Damit sind wir aber am Kernproblem des teuren Showa-Systems angelangt: Es versteckt sich so sehr, dass es das ganze Potenzial der elektronischen Dämpfung verschenkt. Denn wenn ich sowieso einstellen muss, gibt es keinen Vorteil gegenüber dem Schraubendreher, im Gegenteil. Man könnte ein solches System heute so bauen, dass der Fahrer bequem mit dem Smartphone über eine sichere Bluetooth-Verbindung Settings eingibt. Diese Settings muss er sich auch nicht selber ausdenken, sondern die könnte ein Expertensystem auf Kawas Servern ihm empfehlen, nach Übermittlung der Messwerte einiger Runden auf der zu fahrenden Strecke.

Das Expertensystem könnte ihn auch klassisch nach Problemen fragen ("pumpende Hinterhand"), auf die es Lösungen gleich als Settings schickt.
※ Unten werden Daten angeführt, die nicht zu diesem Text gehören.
(* Let $|\xi\rangle=\sum_n\lambda_n|n\rangle\neq|0\rangle$ be a normalized single-mode pure state. Let $P_{\rm even}=\sum_{l\ge0}|2l\rangle\langle2l|$ and $P_{\rm odd}=\sum_{l\ge0}|2l+1\rangle\langle2l+1|$. (i) If $\lambda_n=0$ for all odd $n$, then with the measurements $\Pi^A_0=\Pi^B_0=P_{\rm even}$, $\Pi^A_1=\Pi^B_1=P_{\rm odd}$ one has $P(0,0|0,0)=P(0,0|1,1)=P(1,1|0,1)=P(1,1|1,0)=1$, and hence $\mathcal J=1$ (the maximal value); moreover in this case the outcomes satisfy $a=b=x\oplus y$ with probability one. (ii) If $\lambda_n=0$ for all even $n$, the same conclusion $\mathcal J=1$ holds with $\Pi^A_0=P_{\rm odd}$, $\Pi^A_1=P_{\rm even}$, $\Pi^B_0=P_{\rm even}$, $\Pi^B_1=P_{\rm odd}$. In particular $\mathcal J=1$ for the even-coherent state $|\xi\rangle\propto|\alpha\rangle+|-\alpha\rangle$ ($\alpha\neq0$), the odd-coherent state $|\xi\rangle\propto|\alpha\rangle-|-\alpha\rangle$ ($\alpha\ne0$), and the squeezed vacuum $|\xi\rangle=\exp[\tfrac12(\zeta^*a^2-\zeta a^{\dagger2})]|0\rangle$ ($\zeta\neq0$).
   Context: Modes $A$ and $B$ have annihilation operators $a,b$ and Fock states $|n\rangle$; $|\alpha\rangle$ denotes a coherent state $e^{-|\alpha|^2/2}\sum_n\frac{\alpha^n}{\sqrt{n!}}|n\rangle$. For a normalized single-mode state $|\xi\rangle=\sum_n\lambda_n|n\rangle$ with $|\lambda_0|<1$ and input bits $x,y\in\{0,1\}$, the phase-encoded generalized NOON state is $|\Phi_{xy}\rangle=\mathcal N_{xy}^{-1/2}\big((-1)^x|\xi\rangle_A|0\rangle_B+(-1)^y|0\rangle_A|\xi\rangle_B\big)$ with $\mathcal N_{xy}=2(1+(-1)^{x+y}|\lambda_0|^2)$. The lossless 50:50 beam splitter is the unitary $U$ with $U|0,0\rangle=|0,0\rangle$, $Ua^\dagger U^\dagger=(a^\dagger+b^\dagger)/\sqrt2$, $Ub^\dagger U^\dagger=(a^\dagger-b^\dagger)/\sqrt2$; set $|\Phi''_{xy}\rangle=U|\Phi_{xy}\rangle$. For two-outcome projective measurements $\{\Pi^A_0,\Pi^A_1\}$, $\{\Pi^B_0,\Pi^B_1\}$, $P(a,b|x,y)=\langle\Phi''_{xy}|\Pi^A_a\otimes\Pi^B_b|\Phi''_{xy}\rangle$ and $\mathcal J=\frac14\big[P(0,0|0,0)+P(0,0|1,1)+P(1,1|0,1)+P(1,1|1,0)\big]$. $\oplus$ is addition mod 2. *)

theory Defs
  imports "HOL-Analysis.Analysis"
begin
Auch BMWs GPS-gesteuerte Dämpfungssteuerung für schwierige Ecken (in der Racing-Software) fehlt. Man könnte so viel machen. Real gibt es nicht einmal mehrere Slots für eigene manuelle Einstellungen. Der Kunde muss also jedes Setting für jede Strecke wie bisher separat notieren und umständlich am Lenker fummelnd einstellen. Für 5300 Euro Aufpreis und 2 kg Zusatzgewicht erwarte ich mehr ... ich weiß nicht, 2018?

Zum semiaktiven Fahrwerk erhält die SE noch ein anderes Dekor, die massenzentrierteren Schmiedefelgen der RR und den sehr guten Autoblipper der RR, mit dem der Quickshifter auch ohne Kuppung herunterschaltet. Die Schwächen des Motors, die merkwürdige Ergonomie, sie bleiben uns wahrscheinlich erhalten, bis Kawasaki zum Anlass Euro 5 um 2020 herum ihr Superbike-Konzept komplett neu aufrollen müsste. Ich als alter Kawa-Freund hoffe auf einen Moment wie im Jahr 2009, als die kleine Schwester ZX-6R in allen Punkten im Jahr 2009 ankam.

Die ZX-10R SE kann ich zwischenzeitlich nicht empfehlen. Wer sich auf der aktuellen Zehner wohlfühlt, sollte die RR kaufen und auf Rennstrecke umbauen: andere Auspuffanlage, anderer Sitz, und du musst keine BMW fürchten. Und den Schraubendreher auch nicht: An Rennstrecken stehen lebende Expertensysteme herum, die Renntrainingsbuchern kostenlos bei ihren Einstellungen helfen. Dann hast du ein tolles Motorrad, das allerdings nicht mehr auf öffentliche Straßen darf.